In Matplotlib, we use the plt.hist (x, bins = 10) function, where the parameter x is a one-dimensional array, bins represents the number of boxes in the histogram, and the default is 10.
In Seaborn, we use the sns.distplot (x, bins = 10, kde = True) function. The parameter x is a one-dimensional array, bins represents the number of bins in the histogram, kde represents the display kernel density estimate, the default is True, we can also set kde to False, do not display. Kernel density estimation is a method to help us estimate probability density through kernel function.
Author: Wang Xin xyx
Link: https://www.jianshu.com/p/1b4f351013d3
Source: Brief Book
The copyright belongs to the author. For commercial reproduction, please contact the author for authorization, and for non-commercial reproduction, please indicate the source.
Heat map
Heat map, called heat map in English, is a matrix representation method, in which the element values in the matrix are represented by colors, and different colors represent values of different sizes. You can intuitively know the size of the value at a certain location by color. In addition, you can also compare the color at this location with the color at other locations in the dataset.
Heat map is a very intuitive multivariate analysis method.
We generally use the sns.heatmap (data) function in Seaborn, where data represents the heat map data to be drawn.
Paired relationship
If you want to explore the distribution of multiple pairs of double variables in the data set, you can directly use the sns.pairplot () function. It will also show the relationship between each pair of variables in the DataFrame, and on the diagonal, you can see the distribution of each variable as a single variable. It can be said to be a commonly used function in exploratory analysis, which can quickly help us understand the relationship between variable pairs.
The use of the pairplot function is as convenient as the use of the describe () function on the DataFrame. It is a commonly used function in data exploration.
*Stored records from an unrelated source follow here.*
(* Let $l\in\mathbb{N}$ and let $(e^i_n)_{i=1,n\in\mathbb{N}}^l$ be a plegma spreading sequence in a Banach space such that, for each $1\le i\le l$, the sequence $(e^i_n)_n$ is unconditional. Then the whole family $(e^i_n)_{i=1,n\in\mathbb{N}}^l$ is an unconditional sequence.
   Context: For $k\in\mathbb{N}$, $[\mathbb{N}]^k$ denotes the $k$-element subsets of $\mathbb{N}$, each identified with its increasing enumeration $s(1)<\cdots<s(k)$. A plegma family in $[\mathbb{N}]^k$ is a finite sequence $(s_i)_{i=1}^l$ in $[\mathbb{N}]^k$ with (i) $s_{i_1}(j_1)<s_{i_2}(j_2)$ for all $1\le j_1<j_2\le k$ and all $1\le i_1,i_2\le l$, and (ii) $s_{i_1}(j)\le s_{i_2}(j)$ for all $1\le i_1<i_2\le l$ and $1\le j\le k$. For such $s=(s_i)_{i=1}^l$ and a vector $x=\sum_{(i,j)\in F}a_{ij}e^i_j$ with $F\subset\{1,\ldots,l\}\times\{1,\ldots,k\}$, the plegma shift of $x$ is $s(x)=\sum_{(i,j)\in F}a_{ij}e^i_{s_i(j)}$. A sequence $(e^i_n)_{i=1,n\in\mathbb{N}}^l$ in a Banach space is plegma spreading if each $(e^i_n)_n$ is a normalized Schauder basic sequence and, for every $x\in\mathrm{span}\{e^i_n\}$, $\|x\|=\|s(x)\|$ for every plegma shift $s(x)$ of $x$ (for every $k$ and every plegma family $s$ in $[\mathbb{N}]^k$ for which it is defined). *)

theory Defs
  imports "HOL-Analysis.Analysis"
begin

text \<open>Indices are 0-based: rows i < l, columns n :: nat, positions j < k.\<close>

definition schauder_basic :: "(nat \<Rightarrow> 'a::real_normed_vector) \<Rightarrow> bool" where
  "schauder_basic f \<longleftrightarrow>
     (\<forall>x \<in> closure (span (range f)). \<exists>!a. (\<lambda>n. a n *\<^sub>R f n) sums x)"

definition unconditional_basic :: "(nat \<Rightarrow> 'a::real_normed_vector) \<Rightarrow> bool" where
  "unconditional_basic f \<longleftrightarrow> schauder_basic f \<and>
     (\<forall>a. summable (\<lambda>n. a n *\<^sub>R f n) \<longrightarrow> (\<lambda>n. a n *\<^sub>R f n) summable_on UNIV)"

text \<open>A plegma family (s_i)_{i<l} in [nat]^k, each s_i given by its increasing enumeration
  s i 0 < ... < s i (k-1).\<close>
definition plegma_family :: "nat \<Rightarrow> nat \<Rightarrow> (nat \<Rightarrow> nat \<Rightarrow> nat) \<Rightarrow> bool" where
  "plegma_family l k s \<longleftrightarrow>
     (\<forall>i<l. strict_mono_on {..<k} (s i)) \<and>
     (\<forall>j1 j2 i1 i2. j1 < j2 \<and> j2 < k \<and> i1 < l \<and> i2 < l \<longrightarrow> s i1 j1 < s i2 j2) \<and>
     (\<forall>i1 i2 j. i1 < i2 \<and> i2 < l \<and> j < k \<longrightarrow> s i1 j \<le> s i2 j)"

definition plegma_spreading :: "nat \<Rightarrow> (nat \<Rightarrow> nat \<Rightarrow> 'a::real_normed_vector) \<Rightarrow> bool" where
  "plegma_spreading l e \<longleftrightarrow>
     (\<forall>i<l. (\<forall>n. norm (e i n) = 1) \<and> schauder_basic (e i)) \<and>
     (\<forall>k s F a. plegma_family l k s \<and> F \<subseteq> {..<l} \<times> {..<k} \<longrightarrow>
        norm (\<Sum>(i,j)\<in>F. a i j *\<^sub>R e i j) = norm (\<Sum>(i,j)\<in>F. a i j *\<^sub>R e i (s i j)))"

definition unconditional_family :: "nat \<Rightarrow> (nat \<Rightarrow> nat \<Rightarrow> 'a::real_normed_vector) \<Rightarrow> bool" where
  "unconditional_family l e \<longleftrightarrow>
     (\<exists>\<sigma>. bij_betw \<sigma> (UNIV :: nat set) ({..<l} \<times> (UNIV :: nat set)) \<and>
          unconditional_basic (\<lambda>n. e (fst (\<sigma> n)) (snd (\<sigma> n))))"

end

theory Submission
  imports Defs
begin

text \<open>
  Each row n \<mapsto> e i n, being unconditional, has a suppression constant K: for finitely
  supported coefficients, dropping terms multiplies the norm by at most K.  The uniformity of
  this bound comes from the Baire category theorem in the closed span of the row.
  The plegma spreading property then isolates one row i0 of a finite combination x: shifting
  x along the interlacing plegma j \<mapsto> (l + 1) j + i, and along the same plegma with row i0
  moved one place to the right, does not change the norm, and the difference of the two shifted
  vectors is a row-i0 vector with two disjoint supports.  Suppression bounds the row-i0 part
  of x by 2 K norm x, so the whole family has suppression constant l K (2 K) and, enumerated
  as n \<mapsto> (n mod l, n div l), is an unconditional basic sequence.
\<close>

section \<open>Unconditional convergence in Banach spaces\<close>

lemma summable_on_UNIV_iff_Cauchy:
  fixes f :: "'i \<Rightarrow> 'b::banach"
  shows "f summable_on UNIV \<longleftrightarrow>
    (\<forall>e>0. \<exists>F. finite F \<and> (\<forall>B. finite B \<and> B \<inter> F = {} \<longrightarrow> norm (sum f B) < e))"
proof
  assume "f summable_on UNIV"
  then have lim: "(sum f \<longlongrightarrow> infsum f UNIV) (finite_subsets_at_top UNIV)"
    by (simp add: has_sum_def[symmetric])
  show "\<forall>e>0. \<exists>F. finite F \<and> (\<forall>B. finite B \<and> B \<inter> F = {} \<longrightarrow> norm (sum f B) < e)"
  proof (intro allI impI)
    fix e :: real assume "e > 0"
    then have "eventually (\<lambda>F. dist (sum f F) (infsum f UNIV) < e/2) (finite_subsets_at_top UNIV)"
      using lim by (intro tendstoD) auto
    then obtain X where X: "finite X" "\<And>Y. finite Y \<Longrightarrow> X \<subseteq> Y \<Longrightarrow> dist (sum f Y) (infsum f UNIV) < e/2"
      unfolding eventually_finite_subsets_at_top by auto
    have "norm (sum f B) < e" if "finite B" "B \<inter> X = {}" for B
    proof -
      have "norm (sum f B) = dist (sum f (X \<union> B)) (sum f X)"
        using that X(1) by (simp add: sum.union_disjoint inf_commute dist_norm)
      also have "\<dots> \<le> dist (sum f (X \<union> B)) (infsum f UNIV) + dist (sum f X) (infsum f UNIV)"
        by (rule dist_triangle2)
      also have "\<dots> < e/2 + e/2" using X that by (intro add_strict_mono) auto
      finally show ?thesis by simp
    qed
    then show "\<exists>F. finite F \<and> (\<forall>B. finite B \<and> B \<inter> F = {} \<longrightarrow> norm (sum f B) < e)"
      using X(1) by blast
  qed
next
  assume small: "\<forall>e>0. \<exists>F. finite F \<and> (\<forall>B. finite B \<and> B \<inter> F = {} \<longrightarrow> norm (sum f B) < e)"
  have "cauchy_filter (filtermap (sum f) (finite_subsets_at_top UNIV))"
    unfolding cauchy_filter_metric_filtermap
  proof (intro allI impI)
    fix e :: real assume "e > 0"
    then obtain F where F: "finite F" "\<And>B. finite B \<Longrightarrow> B \<inter> F = {} \<Longrightarrow> norm (sum f B) < e/2"
      using small[rule_format, of "e/2"] by auto
    have "dist (sum f F1) (sum f F2) < e" if "finite F1" "F \<subseteq> F1" "finite F2" "F \<subseteq> F2" for F1 F2
    proof -
      have "dist (sum f F1) (sum f F2) = norm (sum f (F1 - F2) - sum f (F2 - F1))"
        using that by (simp add: dist_norm sum_diff_split[symmetric] sum.Int_Diff[of F1 f F2]
            sum.Int_Diff[of F2 f F1] inf_commute)
      also have "\<dots> \<le> norm (sum f (F1 - F2)) + norm (sum f (F2 - F1))"
        by (rule norm_triangle_ineq4)
      also have "\<dots> < e/2 + e/2" using F that by (intro add_strict_mono) auto
      finally show ?thesis by simp
    qed
    moreover have "eventually (\<lambda>F1. finite F1 \<and> F \<subseteq> F1) (finite_subsets_at_top UNIV)"
      unfolding eventually_finite_subsets_at_top using F(1) by blast
    ultimately show "\<exists>P. eventually P (finite_subsets_at_top UNIV) \<and>
        (\<forall>x y. P x \<and> P y \<longrightarrow> dist (sum f x) (sum f y) < e)"
      by blast
  qed
  then obtain L where "(sum f \<longlongrightarrow> L) (finite_subsets_at_top UNIV)"
    using complete_uniform[where S=UNIV] complete_UNIV by (force simp add: filterlim_def)
  then show "f summable_on UNIV"
    unfolding summable_on_def has_sum_def by blast
qed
Here we use the iris dataset that comes with Seaborn. This dataset is also called the iris dataset. Iris flowers can be divided into three varieties: Setosa, Versicolour, and Virginia. In this data set, there are 50 data for each variety. Each data includes 4 attributes, namely, calyx length, calyx width, petal length and Petal width. Through these data, you need to predict which of the three varieties the iris flower belongs to.